On June 6th, 2002,
Nintendo announced that they will sell 50 million Gamecubes worldwide by March 2005. By the end of last year, their total sales number were
18 million units. This is how sales in US looked since then (this year):
Code:
System PS2 Xbox GC
Jan 488,000 241,000 114,000
Feb 533,000 212,000 116,000
Mar 620,000 227,000 94,000
Apr 332,000 153,000 63,000
Total 1,973,000 833,000 387,000
Nintendo would have had to sell quite a few consoles everywhere else since then to regain the second place. Why regain, you might ask? Because though December, MS
has sold 19.9 million Xbox units would-wide. For those keeping score at home, that's almost 2 million, or 10% more then Nintendo, over the same period of time. In Europe, they sold 5 million units. Nintendo doesn't report European sales specifically, designating everything outside of Japan and Americans as "others" - but even that figure, bound to include European, Australian and non-Japanese Asian sales, was 4.13 million. In other words, its advantage in Japan is not longer enough to offset the shortfall everyone else, thus dropping them into the third place.
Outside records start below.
(* Let $(D,\theta)$ be a finite-dimensional division algebra with involution of the first kind over a field $F$, let $\lambda=\pm1$, and let $(V,h)$ be an even $\lambda$-hermitian space over $(D,\theta)$. Suppose that either $D\neq F$ or $\lambda\neq-1$. If $h$ is regular, then for every $F$-basis $\mathcal{B}$ of $\mathrm{Symd}_\lambda(D,\theta)$ the system of quadratic forms $q_{h,\mathcal{B}}$ is totally regular.
   Context: The field $F$ has arbitrary characteristic. An involution of the first kind on $D$ is an $F$-linear antiautomorphism of order $2$. $\mathrm{Symd}_\lambda(D,\theta)=\{x+\lambda\theta(x)\mid x\in D\}$. A $\lambda$-hermitian space $(V,h)$ consists of a finite-dimensional right $D$-vector space $V$ and a bi-additive map $h:V\times V\to D$ with $h(u\alpha,v\beta)=\theta(\alpha)h(u,v)\beta$ and $h(v,u)=\lambda\theta(h(u,v))$; $h$ is regular if no nonzero $v$ satisfies $h(v,w)=0$ for all $w\in V$, and even if $h(v,v)\in\mathrm{Symd}_\lambda(D,\theta)$ for all $v\in V$. For an $F$-basis $\mathcal{B}=\{u_1,\dots,u_n\}$ of $\mathrm{Symd}_\lambda(D,\theta)$ with dual basis $\pi_1,\dots,\pi_n$, $q_{h,\mathcal{B}}=(q^{u_1}_{h,\mathcal{B}},\dots,q^{u_n}_{h,\mathcal{B}}):V\to F^n$ with $q^{u_i}_{h,\mathcal{B}}(v)=\pi_i(h(v,v))$, where $V$ is viewed as an $F$-vector space; each component is a quadratic form over $F$. A quadratic form $q$ is regular if no nonzero $v$ satisfies $q(v+w)-q(v)-q(w)=0$ for all $w$; a system $(q_1,\dots,q_n)$ is totally regular if every $q_i$ is regular. *)

theory Defs
  imports Main
begin

text \<open>The base field F is modelled as a subfield Fs of the division ring D
  (type 'd) contained in the centre of D, i.e. D is an F-algebra.\<close>

definition central_subfield :: "'d::division_ring set \<Rightarrow> bool" where
  "central_subfield Fs \<longleftrightarrow>
     0 \<in> Fs \<and> 1 \<in> Fs \<and>
     (\<forall>a\<in>Fs. \<forall>b\<in>Fs. a + b \<in> Fs \<and> a * b \<in> Fs) \<and>
     (\<forall>a\<in>Fs. - a \<in> Fs \<and> inverse a \<in> Fs) \<and>
     (\<forall>a\<in>Fs. \<forall>x. a * x = x * a)"

definition findim_over :: "'d::division_ring set \<Rightarrow> bool" where
  "findim_over Fs \<longleftrightarrow>
     (\<exists>S. finite S \<and> (\<forall>x::'d. \<exists>c. (\<forall>s\<in>S. c s \<in> Fs) \<and> x = (\<Sum>s\<in>S. c s * s)))"

definition involution_first_kind :: "'d::division_ring set \<Rightarrow> ('d \<Rightarrow> 'd) \<Rightarrow> bool" where
  "involution_first_kind Fs \<theta> \<longleftrightarrow>
     (\<forall>x y. \<theta> (x + y) = \<theta> x + \<theta> y) \<and>
     (\<forall>x y. \<theta> (x * y) = \<theta> y * \<theta> x) \<and>
     (\<forall>a\<in>Fs. \<forall>x. \<theta> (a * x) = a * \<theta> x) \<and>
     (\<forall>x. \<theta> (\<theta> x) = x)"

definition Symd :: "'d::division_ring \<Rightarrow> ('d \<Rightarrow> 'd) \<Rightarrow> 'd set" where
  "Symd lam \<theta> = {x + lam * \<theta> x | x. True}"

definition right_vector_space :: "('v::ab_group_add \<Rightarrow> 'd::division_ring \<Rightarrow> 'v) \<Rightarrow> bool" where
  "right_vector_space smul \<longleftrightarrow>
     (\<forall>v w a. smul (v + w) a = smul v a + smul w a) \<and>
     (\<forall>v a b. smul v (a + b) = smul v a + smul v b) \<and>
     (\<forall>v a b. smul v (a * b) = smul (smul v a) b) \<and>
     (\<forall>v. smul v 1 = v)"

definition findim_right :: "('v::ab_group_add \<Rightarrow> 'd::division_ring \<Rightarrow> 'v) \<Rightarrow> bool" where
  "findim_right smul \<longleftrightarrow>
     (\<exists>S. finite S \<and> (\<forall>v::'v. \<exists>c. v = (\<Sum>s\<in>S. smul s (c s))))"

definition lambda_hermitian ::
  "('d::division_ring \<Rightarrow> 'd) \<Rightarrow> 'd \<Rightarrow> ('v::ab_group_add \<Rightarrow> 'd \<Rightarrow> 'v) \<Rightarrow> ('v \<Rightarrow> 'v \<Rightarrow> 'd) \<Rightarrow> bool" where
  "lambda_hermitian \<theta> lam smul h \<longleftrightarrow>
     (\<forall>u u' v. h (u + u') v = h u v + h u' v) \<and>
     (\<forall>u v v'. h u (v + v') = h u v + h u v') \<and>
     (\<forall>u v \<alpha> \<beta>. h (smul u \<alpha>) (smul v \<beta>) = \<theta> \<alpha> * h u v * \<beta>) \<and>
     (\<forall>u v. h v u = lam * \<theta> (h u v))"

definition herm_regular :: "('v::zero \<Rightarrow> 'v \<Rightarrow> 'd::zero) \<Rightarrow> bool" where
  "herm_regular h \<longleftrightarrow> (\<forall>v. (\<forall>w. h v w = 0) \<longrightarrow> v = 0)"

definition herm_even :: "('d::division_ring \<Rightarrow> 'd) \<Rightarrow> 'd \<Rightarrow> ('v \<Rightarrow> 'v \<Rightarrow> 'd) \<Rightarrow> bool" where
  "herm_even \<theta> lam h \<longleftrightarrow> (\<forall>v. h v v \<in> Symd lam \<theta>)"

definition is_F_basis :: "'d::division_ring set \<Rightarrow> 'd set \<Rightarrow> 'd list \<Rightarrow> bool" where
  "is_F_basis Fs W us \<longleftrightarrow>
     set us \<subseteq> W \<and>
     (\<forall>c. (\<forall>i<length us. c i \<in> Fs) \<and> (\<Sum>i<length us. c i * us ! i) = 0
          \<longrightarrow> (\<forall>i<length us. c i = 0)) \<and>
     (\<forall>x\<in>W. \<exists>c. (\<forall>i<length us. c i \<in> Fs) \<and> x = (\<Sum>i<length us. c i * us ! i))"

definition is_dual_basis :: "'d::division_ring set \<Rightarrow> 'd set \<Rightarrow> 'd list \<Rightarrow> (nat \<Rightarrow> 'd \<Rightarrow> 'd) \<Rightarrow> bool" where
  "is_dual_basis Fs W us \<pi> \<longleftrightarrow>
     (\<forall>x\<in>W. (\<forall>i<length us. \<pi> i x \<in> Fs) \<and> x = (\<Sum>i<length us. \<pi> i x * us ! i))"

definition q_comp :: "(nat \<Rightarrow> 'd \<Rightarrow> 'd) \<Rightarrow> ('v \<Rightarrow> 'v \<Rightarrow> 'd) \<Rightarrow> nat \<Rightarrow> 'v \<Rightarrow> 'd" where
  "q_comp \<pi> h i v = \<pi> i (h v v)"

definition quad_regular :: "('v::ab_group_add \<Rightarrow> 'd::ab_group_add) \<Rightarrow> bool" where
  "quad_regular q \<longleftrightarrow> (\<forall>v. (\<forall>w. q (v + w) - q v - q w = 0) \<longrightarrow> v = 0)"

definition totally_regular :: "nat \<Rightarrow> (nat \<Rightarrow> 'v::ab_group_add \<Rightarrow> 'd::ab_group_add) \<Rightarrow> bool" where
  "totally_regular n qs \<longleftrightarrow> (\<forall>i<n. quad_regular (qs i))"

end

theory Submission
  imports Defs
begin

text \<open>The polar form of the \<open>i\<close>-th component of \<open>q\<^sub>h\<^sub>,\<^sub>B\<close> is
  \<open>(v, w) \<mapsto> \<pi>\<^sub>i (h v w + \<lambda> \<theta> (h v w))\<close>, because \<open>h\<close> is even and \<open>\<pi>\<^sub>i\<close> is additive on
  \<open>Symd\<^sub>\<lambda>\<close>. Write the basis vector \<open>u\<^sub>i\<close> as \<open>a + \<lambda> \<theta> a\<close>. For \<open>v \<noteq> 0\<close> regularity gives
  some \<open>w\<^sub>0\<close> with \<open>h v w\<^sub>0 \<noteq> 0\<close>, and rescaling \<open>w\<^sub>0\<close> on the right yields \<open>w\<close> with
  \<open>h v w = a\<close>; the polar form then takes the value \<open>\<pi>\<^sub>i u\<^sub>i = 1\<close> at \<open>(v, w)\<close>.\<close>

lemma central_subfield_add:
  "central_subfield Fs \<Longrightarrow> a \<in> Fs \<Longrightarrow> b \<in> Fs \<Longrightarrow> a + b \<in> Fs"
  by (simp add: central_subfield_def)

lemma central_subfield_diff:
  "central_subfield Fs \<Longrightarrow> a \<in> Fs \<Longrightarrow> b \<in> Fs \<Longrightarrow> a - b \<in> Fs"
  by (metis central_subfield_def diff_conv_add_uminus)

lemma involution_first_kind_one:
  assumes "involution_first_kind Fs \<theta>"
  shows "\<theta> 1 = 1"
proof -
  have mult: "\<And>x y. \<theta> (x * y) = \<theta> y * \<theta> x" and invol: "\<And>x. \<theta> (\<theta> x) = x"
    using assms by (simp_all add: involution_first_kind_def)
  have "1 = \<theta> (\<theta> 1 * 1)" by (simp add: invol)
  also have "\<dots> = \<theta> 1" by (subst mult) (simp add: invol)
  finally show ?thesis by simp
qed

lemma Symd_memI: "x + lam * \<theta> x \<in> Symd lam \<theta>"
  by (auto simp: Symd_def)

lemma Symd_add:
  assumes "involution_first_kind Fs \<theta>" "x \<in> Symd lam \<theta>" "y \<in> Symd lam \<theta>"
  shows "x + y \<in> Symd lam \<theta>"
proof -
  obtain a b where "x = a + lam * \<theta> a" "y = b + lam * \<theta> b"
    using assms(2,3) by (auto simp: Symd_def)
  moreover have "\<theta> (a + b) = \<theta> a + \<theta> b"
    using assms(1) by (simp add: involution_first_kind_def)
  ultimately have "x + y = (a + b) + lam * \<theta> (a + b)"
    by (simp add: algebra_simps)
  then show ?thesis by (simp add: Symd_memI)
qed

lemma dual_basis_coord_unique:
  assumes Fs: "central_subfield Fs"
    and B: "is_F_basis Fs W us" and P: "is_dual_basis Fs W us \<pi>"
    and x: "x \<in> W" and c: "\<forall>j<length us. c j \<in> Fs"
    and xc: "x = (\<Sum>j<length us. c j * us ! j)"
    and i: "i < length us"
  shows "\<pi> i x = c i"
proof -
  define d where "d j = \<pi> j x - c j" for j
  have "\<forall>j<length us. d j \<in> Fs"
    using P x c central_subfield_diff[OF Fs] by (simp add: d_def is_dual_basis_def)
  moreover have "(\<Sum>j<length us. d j * us ! j) = 0"
    using P x xc by (simp add: d_def is_dual_basis_def left_diff_distrib sum_subtractf)
  ultimately have "d i = 0"
    using B i unfolding is_F_basis_def by blast
  then show ?thesis by (simp add: d_def)
qed

lemma dual_basis_add:
  assumes Fs: "central_subfield Fs"
    and B: "is_F_basis Fs W us" and P: "is_dual_basis Fs W us \<pi>"
    and "x \<in> W" "y \<in> W" "x + y \<in> W" "i < length us"
  shows "\<pi> i (x + y) = \<pi> i x + \<pi> i y"
proof (rule dual_basis_coord_unique[where c = "\<lambda>j. \<pi> j x + \<pi> j y", OF Fs B P])
  show "\<forall>j<length us. \<pi> j x + \<pi> j y \<in> Fs"
    using assms central_subfield_add[OF Fs] by (simp add: is_dual_basis_def)
  show "x + y = (\<Sum>j<length us. (\<pi> j x + \<pi> j y) * us ! j)"
    using P assms by (simp add: is_dual_basis_def distrib_right sum.distrib)
qed (use assms in auto)

lemma dual_basis_basis_vector:
  assumes Fs: "central_subfield Fs"
    and B: "is_F_basis Fs W us" and P: "is_dual_basis Fs W us \<pi>"
    and i: "i < length us"
  shows "\<pi> i (us ! i) = 1"
proof -
  have "\<pi> i (us ! i) = (if i = i then 1 else 0)"
  proof (rule dual_basis_coord_unique[where c = "\<lambda>j. if j = i then 1 else 0", OF Fs B P])
    show "us ! i \<in> W" using B i by (auto simp: is_F_basis_def)
    show "\<forall>j<length us. (if j = i then 1 else 0) \<in> Fs"
      using Fs by (simp add: central_subfield_def)
    have "(\<Sum>j<length us. (if j = i then 1 else 0) * us ! j)
            = (\<Sum>j<length us. if j = i then us ! j else 0)"
      by (rule sum.cong) auto
    then show "us ! i = (\<Sum>j<length us. (if j = i then 1 else 0) * us ! j)"
      using i by simp
  qed (use i in auto)
  then show ?thesis by simp
qed

lemma lambda_hermitian_scale_right:
  assumes "involution_first_kind Fs \<theta>" "right_vector_space smul"
    and "lambda_hermitian \<theta> lam smul h"
  shows "h v (smul w b) = h v w * b"
proof -
  have "h v (smul w b) = h (smul v 1) (smul w b)"
    using assms(2) by (simp add: right_vector_space_def)
  also have "\<dots> = \<theta> 1 * h v w * b"
    using assms(3) unfolding lambda_hermitian_def by blast
  finally show ?thesis by (simp add: involution_first_kind_one[OF assms(1)])
qed

lemma lambda_hermitian_diag_add:
  assumes "lambda_hermitian \<theta> lam smul h"
  shows "h (v + w) (v + w) = (h v v + h w w) + (h v w + lam * \<theta> (h v w))"
proof -
  have add_left: "\<And>u u' v. h (u + u') v = h u v + h u' v"
    and add_right: "\<And>u v v'. h u (v + v') = h u v + h u v'"
    and sym: "h w v = lam * \<theta> (h v w)"
    using assms unfolding lambda_hermitian_def by blast+
  have "h (v + w) (v + w) = h v v + h w w + (h v w + h w v)"
    by (simp add: add_left add_right algebra_simps)
  with sym show ?thesis by simp
qed

lemma herm_regular_onto:
  assumes "involution_first_kind Fs \<theta>" "right_vector_space smul"
    and "lambda_hermitian \<theta> lam smul h" "herm_regular h" "v \<noteq> 0"
  obtains w where "h v w = a"
proof -
  obtain w\<^sub>0 where w\<^sub>0: "h v w\<^sub>0 \<noteq> 0"
    using assms(4,5) by (auto simp: herm_regular_def)
  have "h v (smul w\<^sub>0 (inverse (h v w\<^sub>0) * a)) = a"
    using w\<^sub>0 by (simp add: lambda_hermitian_scale_right[OF assms(1-3)] mult.assoc [symmetric])
  then show ?thesis by (rule that)
qed

lemma q_comp_polar:
  assumes Fs: "central_subfield Fs" and inv: "involution_first_kind Fs \<theta>"
    and herm: "lambda_hermitian \<theta> lam smul h" and even: "herm_even \<theta> lam h"
    and B: "is_F_basis Fs (Symd lam \<theta>) us" and P: "is_dual_basis Fs (Symd lam \<theta>) us \<pi>"
    and i: "i < length us"
  shows "q_comp \<pi> h i (v + w) - q_comp \<pi> h i v - q_comp \<pi> h i w
           = \<pi> i (h v w + lam * \<theta> (h v w))"
proof -
  have diag: "\<And>u. h u u \<in> Symd lam \<theta>"
    using even by (simp add: herm_even_def)
  note add = dual_basis_add[OF Fs B P _ _ _ i]
  have "\<pi> i (h (v + w) (v + w))
          = \<pi> i (h v v) + \<pi> i (h w w) + \<pi> i (h v w + lam * \<theta> (h v w))"
    unfolding lambda_hermitian_diag_add[OF herm]
    by (simp add: add Symd_add[OF inv] diag Symd_memI)
  then show ?thesis by (simp add: q_comp_def)
qed

theorem proposition4p1:
  fixes Fs :: "'d::division_ring set"
    and \<theta> :: "'d \<Rightarrow> 'd"
    and lam :: 'd
    and smul :: "'v::ab_group_add \<Rightarrow> 'd \<Rightarrow> 'v"
    and h :: "'v \<Rightarrow> 'v \<Rightarrow> 'd"
  assumes "central_subfield Fs"
    and "findim_over Fs"
    and "involution_first_kind Fs \<theta>"
    and "lam = 1 \<or> lam = -1"
    and "right_vector_space smul"
    and "findim_right smul"
    and "lambda_hermitian \<theta> lam smul h"
    and "herm_even \<theta> lam h"
    and "Fs \<noteq> UNIV \<or> lam \<noteq> -1"
    and "herm_regular h"
  shows "\<forall>us \<pi>. is_F_basis Fs (Symd lam \<theta>) us \<and> is_dual_basis Fs (Symd lam \<theta>) us \<pi>
           \<longrightarrow> totally_regular (length us) (q_comp \<pi> h)"
proof (intro allI impI)
  fix us \<pi>
  assume "is_F_basis Fs (Symd lam \<theta>) us \<and> is_dual_basis Fs (Symd lam \<theta>) us \<pi>"
  then have B: "is_F_basis Fs (Symd lam \<theta>) us" and P: "is_dual_basis Fs (Symd lam \<theta>) us \<pi>"
    by simp_all
  show "totally_regular (length us) (q_comp \<pi> h)"
    unfolding totally_regular_def quad_regular_def
  proof (intro allI impI)
    fix i v
    assume i: "i < length us"
      and polar_zero: "\<forall>w. q_comp \<pi> h i (v + w) - q_comp \<pi> h i v - q_comp \<pi> h i w = 0"
    show "v = 0"
    proof (rule ccontr)
      assume "v \<noteq> 0"
      have "us ! i \<in> Symd lam \<theta>"
        using B i by (auto simp: is_F_basis_def)
      then obtain a where a: "us ! i = a + lam * \<theta> a"
        by (auto simp: Symd_def)
      obtain w where "h v w = a"
        using herm_regular_onto[OF assms(3,5,7,10) \<open>v \<noteq> 0\<close>] .
      then have "q_comp \<pi> h i (v + w) - q_comp \<pi> h i v - q_comp \<pi> h i w = 1"
        using q_comp_polar[OF assms(1,3,7,8) B P i] dual_basis_basis_vector[OF assms(1) B P i] a
        by simp
      with polar_zero show False by simp
    qed
  qed
qed

end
I think we can thus readily dismiss "Nintendo is #3 only in US" theory. It is also quite telling that April-December sales in 2004 are down in every territory from the same period in 2003 - GC sales have actually decreases 22% year to year! No wonder Nintendo
blamed poor GC sales for the 43% profit plunge and cut shipping targets ever further.
There is more. As mentioned in the immortal
"Top-20 analogy"GC software sales lately have been as dismal as hardware. And of course Nintendo's
DK Jungle Beat bombed hard. But hey, maybe it's only one game? Well, in addition to
Metroid: Echoes lagging behind Prime sales despite a wider installment base, there is this said statistic:
in March Gamecube's 5 top-selling games sold a combined total of
254,400 copies. By comparison, the top-selling game on Xbox sold 215K copies by itself, while the top-5 accounted for
952,258 copies sold.
In conclusion, Gamecube is now solidly in third place globally, miles behind Nintendo's original projection, increasingly lagging behind the competing, is actually dropping in sales each year, not moving software and is blamed by Nintendo itself for their profits shortfall. Now, if any rational person (that would exclude PC Engine) can explain to me how all of this can be considered as "doing fine", please be my guest.